Without "hacking" up the wiring with jumpers etc, (not my preference) what I had to do was remove the firewall connector, dig out the tar/sealant around the pin, extract the pin, solder a new non resistance wire to a new pin and reinsert. Run that wire to a spot on the firewall or some out of normal view area, mount the ballast, connect the wire to one side, the other side run to the coil. Its not really that bad after it is done, maybe daunting before you start, but that's the fun part of the hobby??  If you are still in the troubleshooting mode, disconnect the resistance wire at the coil, run a wire from the battery thru a ballast resister and (with the points closed) see what voltage you have before you start taking apart your harness or your mechanic should be able to just run a jumper wire from the battery to the + side of the coil and see if it starts and continues to run. This should be a short duration test such that you will not over heat the coil and/or burn the points.


----------



## redgoat67 (Sep 23, 2011)

Just a quick question. Right before I had this problem, I hooked up my dwell meter (engine performance analyzer) improperly to my coil. Instead of attaching my red clip to the negative side of the coil I attached it to the positive side of the coil. The black clip was attached to an engine ground. I started the car and quickly noticed that the specs I was looking for were way off. I then discovered that I had the red clip on the wrong side of the coil. I switched it to the negative side and continued with my tests. Everything seemed to check out. However, could I have damaged the coil with this brief incorrect connection and as a result be a cause of my rough running and hard to start condition?


----------



## rickm (Feb 8, 2012)

standard ignition co. makes two ballast resistors. RU-11 is two terminal, RU-12 is four for Chrysler products. I think you need an RU-11.


----------



## ALKYGTO (Mar 29, 2010)

Rick, back in the day with my 65 Dart GT convertible I would run the four prong ballast resistor, when I burnt one up I would just plug into the other one and be on my merry way. I also kept a spare in the glove box.

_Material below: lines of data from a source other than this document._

(*
  For a packed matrix M of size n, a column decomposition at j says exactly that the blocks of
  columns [0,j) and [j,n) of M, with their null rows deleted, are square; in particular no row
  of M has nonzero entries on both sides of a cut. Iterating the coproduct on either tensor
  factor therefore expands both sides of each codendriform identity into the same kind of sum,
  over pairs of cuts i < j for which all three blocks [0,i), [i,j), [j,n) are square. The
  identities then reduce to equivalences between conditions on where the nonzero entries of
  the last row of M lie, and these are elementary statements about take and drop. All maps
  are linear extensions, so it suffices to check everything on basis elements.
*)

theory Submission
  imports Defs
begin

section \<open>Linear extension\<close>

lemma lookup_map_mult [simp]:
  "Poly_Mapping.lookup (Poly_Mapping.map (\<lambda>d. (c::'a::field) * d) p) m = c * Poly_Mapping.lookup p m"
  by (simp add: map.rep_eq when_def)

lemma map_one_mult [simp]: "Poly_Mapping.map (\<lambda>d. (1::'a::field) * d) p = p"
  by (rule poly_mapping_eqI) (simp add: map.rep_eq when_def)

lemma lookup_lext:
  "Poly_Mapping.lookup (lext g x) t
     = (\<Sum>m\<in>Poly_Mapping.keys x. Poly_Mapping.lookup x m * Poly_Mapping.lookup (g m) t)"
  unfolding lext_def by (simp add: lookup_sum)

lemma sum_keys_superset:
  assumes "finite S" "Poly_Mapping.keys x \<subseteq> S"
  shows "(\<Sum>m\<in>Poly_Mapping.keys x. Poly_Mapping.lookup x m * (c m :: 'a::field))
       = (\<Sum>m\<in>S. Poly_Mapping.lookup x m * c m)"
  using assms by (intro sum.mono_neutral_left) (auto simp: in_keys_iff)

lemma lext_add: "lext g (u + v) = lext g u + lext g v"
proof (rule poly_mapping_eqI)
  fix t
  let ?S = "Poly_Mapping.keys u \<union> Poly_Mapping.keys v"
  have fin: "finite ?S" by simp
  have "Poly_Mapping.lookup (lext g (u + v)) t
      = (\<Sum>m\<in>?S. Poly_Mapping.lookup (u + v) m * Poly_Mapping.lookup (g m) t)"
    unfolding lookup_lext by (rule sum_keys_superset) (simp_all add: keys_add)
  also have "\<dots> = (\<Sum>m\<in>?S. Poly_Mapping.lookup u m * Poly_Mapping.lookup (g m) t)
                  + (\<Sum>m\<in>?S. Poly_Mapping.lookup v m * Poly_Mapping.lookup (g m) t)"
    by (simp add: lookup_add distrib_right sum.distrib)
  also have "\<dots> = Poly_Mapping.lookup (lext g u) t + Poly_Mapping.lookup (lext g v) t"
    unfolding lookup_lext by (simp add: sum_keys_superset[OF fin])
  finally show "Poly_Mapping.lookup (lext g (u + v)) t = Poly_Mapping.lookup (lext g u + lext g v) t"
    by (simp add: lookup_add)
qed
definition aut_order :: "('a \<Rightarrow> 'a) \<Rightarrow> nat \<Rightarrow> bool" where
  "aut_order \<sigma> m \<longleftrightarrow> 0 < m \<and> (\<sigma> ^^ m) = id \<and> (\<forall>k. 0 < k \<and> k < m \<longrightarrow> (\<sigma> ^^ k) \<noteq> id)"

definition trace_aut :: "('a::field \<Rightarrow> 'a) \<Rightarrow> nat \<Rightarrow> 'a \<Rightarrow> 'a" where
  "trace_aut \<sigma> m a = (\<Sum>i<m. (\<sigma> ^^ i) a)"

text \<open>Multiplication in the skew polynomial ring F[x;sigma,0], with x a = sigma(a) x.\<close>
definition skew_mult :: "('a::field \<Rightarrow> 'a) \<Rightarrow> 'a poly \<Rightarrow> 'a poly \<Rightarrow> 'a poly" where
  "skew_mult \<sigma> p q = (\<Sum>i\<le>degree p. monom (coeff p i) i * map_poly (\<sigma> ^^ i) q)"

text \<open>P_a = (x - a_r) ... (x - a_1) for the list a = [a_1, ..., a_r].\<close>
definition P_seq :: "('a::field \<Rightarrow> 'a) \<Rightarrow> 'a list \<Rightarrow> 'a poly" where
  "P_seq \<sigma> as = foldl (\<lambda>P a. skew_mult \<sigma> [:-a, 1:] P) 1 as"

definition right_lin_dvd :: "('a::field \<Rightarrow> 'a) \<Rightarrow> 'a \<Rightarrow> 'a poly \<Rightarrow> bool" where
  "right_lin_dvd \<sigma> b P \<longleftrightarrow> (\<exists>Q. P = skew_mult \<sigma> Q [:-b, 1:])"

definition mult_seq :: "('a::field \<Rightarrow> 'a) \<Rightarrow> 'a list \<Rightarrow> bool" where
  "mult_seq \<sigma> as \<longleftrightarrow> (\<forall>b. right_lin_dvd \<sigma> b (P_seq \<sigma> as) \<longleftrightarrow> b = hd as)"

end

theory Submission
  imports Defs
begin

text \<open>Right division by x - b leaves the remainder P(b) (Lam-Leroy evaluation), and
  P_(a @ [c])(b) = \<sigma>(P_a(b)) b - c P_a(b). So appending c to a multiplicity sequence a keeps the
  property exactly when no b with P_a(b) \<noteq> 0 satisfies \<sigma>(P_a(b)) b = c P_a(b). Writing
  b = \<sigma>(x) c x\<inverse>, this asks whether 1 lies in the image of the additive, \<sigma>-semilinear map
  x \<mapsto> x P_a(\<sigma>(x) c x\<inverse>). If c is not \<sigma>-conjugate to the a_i, multiplicative Hilbert 90 makes
  every factor of this map, and hence the map, onto. If a is a chain of multiplicity steps and
  c = \<sigma>(\<beta>) \<beta>\<inverse> a_r, induction along the chain with additive Hilbert 90 identifies the image
  with the kernel of z \<mapsto> T(z \<beta> a_r\<inverse>), so 1 is attained iff T(\<beta> a_r\<inverse>) = 0.\<close>

lemma field_aut_add: "field_aut f \<Longrightarrow> f (x + y) = f x + f y"
  by (simp add: field_aut_def)

lemma field_aut_mult: "field_aut f \<Longrightarrow> f (x * y) = f x * f y"
  by (simp add: field_aut_def)

lemma field_aut_inj: "field_aut f \<Longrightarrow> inj f"
  by (simp add: field_aut_def bij_is_inj)

lemma field_aut_surj: "field_aut f \<Longrightarrow> surj f"
  by (simp add: field_aut_def bij_is_surj)

lemma field_aut_0: assumes "field_aut f" shows "f 0 = 0"
proof -
  have "f 0 + f 0 = f 0 + 0" using field_aut_add[OF assms, of 0 0] by simp
  then show ?thesis by (rule add_left_imp_eq)
qed

lemma field_aut_eq_0_iff: "field_aut f \<Longrightarrow> f x = 0 \<longleftrightarrow> x = 0"
  using field_aut_inj field_aut_0 by (metis injD)

lemma field_aut_1: assumes "field_aut f" shows "f 1 = 1"
proof -
  have "f 1 * f 1 = f 1 * 1" using field_aut_mult[OF assms, of 1 1] by simp
  moreover have "f 1 \<noteq> 0" using field_aut_eq_0_iff[OF assms, of 1] by simp
  ultimately show ?thesis by simp
qed

lemma field_aut_uminus: assumes "field_aut f" shows "f (- x) = - f x"
proof -
  have "f x + f (- x) = 0" using field_aut_add[OF assms, of x "- x"] field_aut_0[OF assms] by simp
  then show ?thesis by (simp add: add_eq_0_iff)
qed

lemma field_aut_diff: "field_aut f \<Longrightarrow> f (x - y) = f x - f y"
  using field_aut_add[of f x "- y"] field_aut_uminus[of f y] by simp
text \<open>Singular values of a matrix A (rows indexed by 'b, columns by 'a): the square roots
of the eigenvalues of A^T A, each repeated according to its multiplicity (the dimension
of its eigenspace; A^T A is symmetric), listed in non-increasing order.\<close>

definition singular_values :: "real^'a^'b \<Rightarrow> real list" where
  "singular_values A =
     (let M = transpose A ** A in
      rev (sort (concat (map (\<lambda>e. replicate (dim {v. M *v v = e *\<^sub>R v}) (sqrt e))
        (sorted_list_of_set {e. \<exists>v. v \<noteq> 0 \<and> M *v v = e *\<^sub>R v})))))"

definition largest_singular_values_ge :: "nat \<Rightarrow> real \<Rightarrow> real^'a^'b \<Rightarrow> bool" where
  "largest_singular_values_ge r s A \<longleftrightarrow>
     r \<le> length (singular_values A) \<and> (\<forall>i<r. singular_values A ! i \<ge> s)"

end

theory Submission
  imports Defs
begin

RedGoat, I don't know if you have a good schematic for your car but I bought one of these cool laminated ones for my '69 years ago and they are great. Here's a link - Classic Car Wiring . Com : Home of the original color laminated classic car wiring diagram :seeya:


----------



## pjw1967 (Mar 10, 2014)

ALKYGTO said:


> Rick, back in the day with my 65 Dart GT convertible I would run the four prong ballast resistor, when I burnt one up I would just plug into the other one and be on my merry way. I also kept a spare in the glove box.
> 
> RedGoat, I don't know if you have a good schematic for your car but I bought one of these cool laminated ones for my '69 years ago and they are great. Here's a link - Classic Car Wiring . Com : Home of the original color laminated classic car wiring diagram :seeya:


Eons ago I drove a tow truck nights and weekends. We had a box of Chrysler ballast resistors in the truck. Occasionally we would forget to check if the box had any in it. If we had say a Dodge with a bad resistor but it had a double, we would swap like you said. Of course we had to tell the car owner that their windshield wipers would not work.......


----------



## redgoat67 (Sep 23, 2011)

redgoat67 said:


> Just a quick question. Right before I had this problem, I hooked up my dwell meter (engine performance analyzer) improperly to my coil. Instead of attaching my red clip to the negative side of the coil I attached it to the positive side of the coil. The black clip was attached to an engine ground. I started the car and quickly noticed that the specs I was looking for were way off. I then discovered that I had the red clip on the wrong side of the coil. I switched it to the negative side and continued with my tests. Everything seemed to check out. However, could I have damaged the coil with this brief incorrect connection and as a result be a cause of my rough running and hard to start condition?


FINAL UPDATE
Spoke with a seasoned mechanic about by problem and mentioned what I indicated above and he said it sounds like you may need a new condenser. I thought what do I have to lose. I bought one for $8, installed it myself and after 2 weeks of stewing about this THE OLD GOAT STARTED RIGHT UP!! It purred like it used to and really made my day. :yesnod:
Thanks to all who responded.


----------